To do that, we'll use boolean indexing to create three filtered arrays and then look at how many rows are in each array. We'll need to check if the __dropoff_location_code__ column (column index 6) is equal to one of the following values:

- 2: JFK Airport
- 3: LaGuardia Airport
- 5: Newark Airport.

In [9]:
# JFK Airport drop offs
jfk = taxi[taxi[:, 6] == 2]
jfk_count = jfk.shape[0]

# LaGuardia Airport drop offs
laguardia = taxi[taxi[:, 6] == 3]
laguardia_count = laguardia.shape[0]

# Newark Airport drop offs
newark = taxi[taxi[:, 6] == 5]
newark_count = newark.shape[0]

In [10]:
print(jfk_count, laguardia_count, newark_count)

11832 16602 63


Looks like LaGuardia Airport has the most drop offs in our dataset.

## Challenge 2: Calculating Statistics for Trips on Clean Data

We need to remove bad data from our dataset and calculating some descriptive statistics on the remaining "clean" data.

We'll start by using boolean indexing to remove any rows that have an average speed for the trip greater than 100 mph (160 kph) which should remove the questionable data we have worked with over the past two missions. Then, we'll use array methods to calculate the mean for specific columns of the remaining data. The columns we're interested in are:

- trip_distance, at column index 7
- trip_length, at column index 8
- total_amount, at column index 13

In [11]:
trip_mph = taxi[:, 7] / (taxi[:, 8] / 3600)

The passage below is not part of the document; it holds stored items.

lemma defined_meths_client_decls:
  "defined_meths client_decls = list_of A0 @ list_of Priv @ map loop_meth res_tys"
  unfolding client_decls_def defined_meths_def by (simp add: comp_def)

lemma abstract_meths_client_decls: "abstract_meths client_decls = list_of P0"
  unfolding client_decls_def abstract_meths_def by (simp add: comp_def)

lemma defined_refs_client_decls: "defined_refs client_decls = counter # map ref_of (list_of Dyn)"
  unfolding client_decls_def defined_refs_def by (simp add: comp_def)

lemma lib_terms_client_decls:
  "set (lib_terms client_decls) = (\<lambda>m. Lam (arg_var (argty m)) (body m)) ` (A0 \<union> Priv)
     \<union> (\<lambda>b. Lam (arg_var TUnit) (dispatch b)) ` set res_tys
     \<union> (\<lambda>d. Lam (arg_var (argty d)) (stub d)) ` Dyn"
  unfolding client_decls_def lib_terms_def
  by (auto simp: comp_def set_list_of_A0 set_list_of_Priv set_list_of_Dyn)

lemma client_lib_terms_code:
  assumes "M \<in> set (lib_terms client_decls)"
  shows "\<exists>x N. M = Lam x N \<and> client_code {x} N"
proof -
  have "client_code {arg_var (argty m)} (body m)" if "m \<in> A0 \<union> Priv" for m
    using that by (intro client_code_body) (auto simp: set_res_tys)
  moreover have "client_code {arg_var (argty d)} (stub d)" if "d \<in> Dyn" for d
    using that by (intro client_code_stub) auto
  ultimately show ?thesis
    using assms client_code_dispatch unfolding lib_terms_client_decls by blast
qed

lemma client_names_le_K: "m \<in> prog_names client_decls \<union> meths (loop_call TUnit) \<Longrightarrow> mnum m \<le> K"
proof -
  have "mnum m \<le> K" if "m \<in> Static \<union> loop_meth ` UNIV" for m
    using that mnum_lt_K Priv_trace unfolding Static_def by fastforce
  moreover have "\<Union> (meths ` set (lib_terms client_decls)) \<subseteq> Static \<union> loop_meth ` UNIV"
    using client_lib_terms_code unfolding client_code_def by fastforce
  moreover have "set (defined_meths client_decls) \<union> set (abstract_meths client_decls)
      \<subseteq> Static \<union> loop_meth ` UNIV"
    unfolding defined_meths_client_decls abstract_meths_client_decls Static_def
    by (auto simp: set_list_of_A0 set_list_of_Priv set_list_of_P0)
  ultimately show "m \<in> prog_names client_decls \<union> meths (loop_call TUnit) \<Longrightarrow> mnum m \<le> K"
    unfolding prog_names_def loop_call_def by auto
qed

lemma client_builds: "client_builds client (loop_call TUnit) client_repo client_store A0 P0"
proof -
  let ?N = "prog_names client_decls \<union> meths (loop_call TUnit)"
  let ?R1 = "upd_list (\<lambda>m. m) (\<lambda>m. (arg_var (argty m), body m)) Map.empty (list_of A0)"
  let ?R2 = "upd_list (\<lambda>m. m) (\<lambda>m. (arg_var (argty m), body m)) ?R1 (list_of Priv)"
  let ?R3 = "upd_list loop_meth (\<lambda>b. (arg_var TUnit, dispatch b)) ?R2 res_tys"
  have "dom ?R3 = A0 \<union> Priv \<union> loop_meth ` set res_tys"
    by (simp add: dom_upd_list set_list_of_A0 set_list_of_Priv)
  then have "mnum m \<le> K" if "m \<in> dom ?R3" for m
  proof -
    have "m \<in> A0 \<union> Priv \<union> loop_meth ` set res_tys"
      using that \<open>dom ?R3 = _\<close> by blast
    then show ?thesis
      using mnum_lt_K Priv_trace by fastforce
  qed
  then have "stub_meth d \<notin> dom ?R3 \<union> ?N" for d
    using client_names_le_K[of "stub_meth d"] by fastforce
  then have "\<forall>d \<in> set (list_of Dyn). stub_meth d \<notin> dom ?R3 \<and> stub_meth d \<notin> ?N
      \<and> refty (ref_of d) = TArrow (argty (stub_meth d)) (resty (stub_meth d))"
    by simp
  moreover have "distinct (map stub_meth (list_of Dyn))"
    using distinct_list_of by (simp add: distinct_map inj_on_def stub_meth_inj)
  moreover have "builds ?N [] client_repo client_store A0 P0 (client_repo, client_store, A0, P0)"
    by (rule b_nil)
  ultimately have "builds ?N (map (\<lambda>d. RefLam (ref_of d) (arg_var (argty d)) (stub d)) (list_of Dyn) @ [])
      ?R3 (Map.empty(counter \<mapsto> IntT 0)) A0 P0 (client_repo, client_store, A0, P0)"
    unfolding client_repo_def client_store_def upd_list_append by (rule builds_map_RefLam)
  then have "builds ?N (map (\<lambda>b. PrivM (loop_meth b) (arg_var TUnit) (dispatch b)) res_tys
      @ [RefInt counter 0] @ map (\<lambda>d. RefLam (ref_of d) (arg_var (argty d)) (stub d)) (list_of Dyn))
      ?R2 Map.empty A0 P0 (client_repo, client_store, A0, P0)"
    by (intro builds_map_PrivM) (auto intro: b_refint)
  then have "builds ?N (map (\<lambda>m. PrivM m (arg_var (argty m)) (body m)) (list_of Priv) @
      map (\<lambda>b. PrivM (loop_meth b) (arg_var TUnit) (dispatch b)) res_tys
      @ [RefInt counter 0] @ map (\<lambda>d. RefLam (ref_of d) (arg_var (argty d)) (stub d)) (list_of Dyn))
      ?R1 Map.empty A0 P0 (client_repo, client_store, A0, P0)"
    using builds_map_PrivM[where key = "\<lambda>m. m"] by simp
  then have "builds ?N (drop (length (list_of P0)) client_decls) Map.empty Map.empty {} P0
      (client_repo, client_store, A0, P0)"
    unfolding client_decls_def using builds_map_PublicM set_list_of_A0 by simp
  then have "builds ?N client_decls Map.empty Map.empty {} {} (client_repo, client_store, A0, P0)"
    unfolding client_decls_def using builds_map_Abstract set_list_of_P0 by simp
  then show ?thesis
    unfolding client_def by simp
qed

lemma wt_Lam_arg_var: "wt M b \<Longrightarrow> wt (Lam (arg_var a) M) (TArrow a b)"
  using wt_lam[of M b "arg_var a"] by simp

lemma wf_library_client_decls: "wf_library client_decls"
proof -
  have loop_names: "loop_meth b \<notin> A0 \<union> P0 \<union> Priv" for b
    using mnum_lt_K[of "loop_meth b"] Priv_trace by auto
  have "distinct (defined_meths client_decls)"
    unfolding defined_meths_client_decls using distinct_list_of A0_Priv_disjoint loop_names
    by (auto simp: distinct_map inj_on_def loop_meth_inj distinct_res_tys set_list_of_A0 set_list_of_Priv)
  moreover have "distinct (defined_refs client_decls)"
    unfolding defined_refs_client_decls using distinct_list_of
    by (auto simp: distinct_map inj_on_def ref_of_inj)
  moreover have "set (abstract_meths client_decls) \<inter> set (defined_meths client_decls) = {}"
    unfolding defined_meths_client_decls abstract_meths_client_decls using static_names_disjoint loop_names
    by (auto simp: set_list_of_A0 set_list_of_Priv set_list_of_P0)
  moreover have "\<forall>d \<in> set client_decls. decl_typed d"
    using wt_Lam_arg_var[OF body_wt] wt_Lam_arg_var[OF dispatch_wt] wt_Lam_arg_var[OF stub_wt]
    unfolding client_decls_def by auto
  moreover have "\<forall>r \<in> set (defined_refs client_decls). \<not> is_prod (refty r)"
    by (simp add: defined_refs_client_decls)
  moreover have "\<forall>M \<in> set (lib_terms client_decls). source_term M
      \<and> meths M \<subseteq> set (defined_meths client_decls) \<union> set (abstract_meths client_decls)
      \<and> refs M \<subseteq> set (defined_refs client_decls)"
  proof
    fix M
    assume "M \<in> set (lib_terms client_decls)"
    then obtain x N where "M = Lam x N" "client_code {x} N"
      using client_lib_terms_code by blast
    moreover have "set (defined_meths client_decls) \<union> set (abstract_meths client_decls)
        = Static \<union> loop_meth ` set res_tys"
      unfolding defined_meths_client_decls abstract_meths_client_decls Static_def
      by (auto simp: set_list_of_A0 set_list_of_Priv set_list_of_P0)
    moreover have "set (defined_refs client_decls) = insert counter (ref_of ` Dyn)"
      unfolding defined_refs_client_decls by (simp add: set_list_of_Dyn)
    ultimately show "source_term M
        \<and> meths M \<subseteq> set (defined_meths client_decls) \<union> set (abstract_meths client_decls)
        \<and> refs M \<subseteq> set (defined_refs client_decls)"
      unfolding source_term_def client_code_def by auto
  qed
  moreover have "\<exists>ms B. client_decls = map Abstract ms @ B \<and> (\<forall>d\<in>set B. \<not> is_abstract d)"
    unfolding client_decls_def by (intro exI[of _ "list_of P0"]) auto
  ultimately show ?thesis
    unfolding wf_library_def by blast
qed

# Create a new ndarray containing only rows where trip_mph are less than 100
cleaned_taxi = taxi[trip_mph < 100]
mean_distance = cleaned_taxi[:, 7].mean()
mean_length = cleaned_taxi[:, 8].mean()
mean_total_amount = cleaned_taxi[:, 13].mean()

### Conclusion

In this mission we learned:

- How to use numpy.genfromtxt() to read in an ndarray.
- About NaN values.
- What a boolean array is, and how to create one.
- How to use boolean indexing to filter values in one and two-dimensional ndarrays.
- How to assign one or more new values to an ndarray based on their locations.
- How to assign one or more new values to an ndarray based on their values.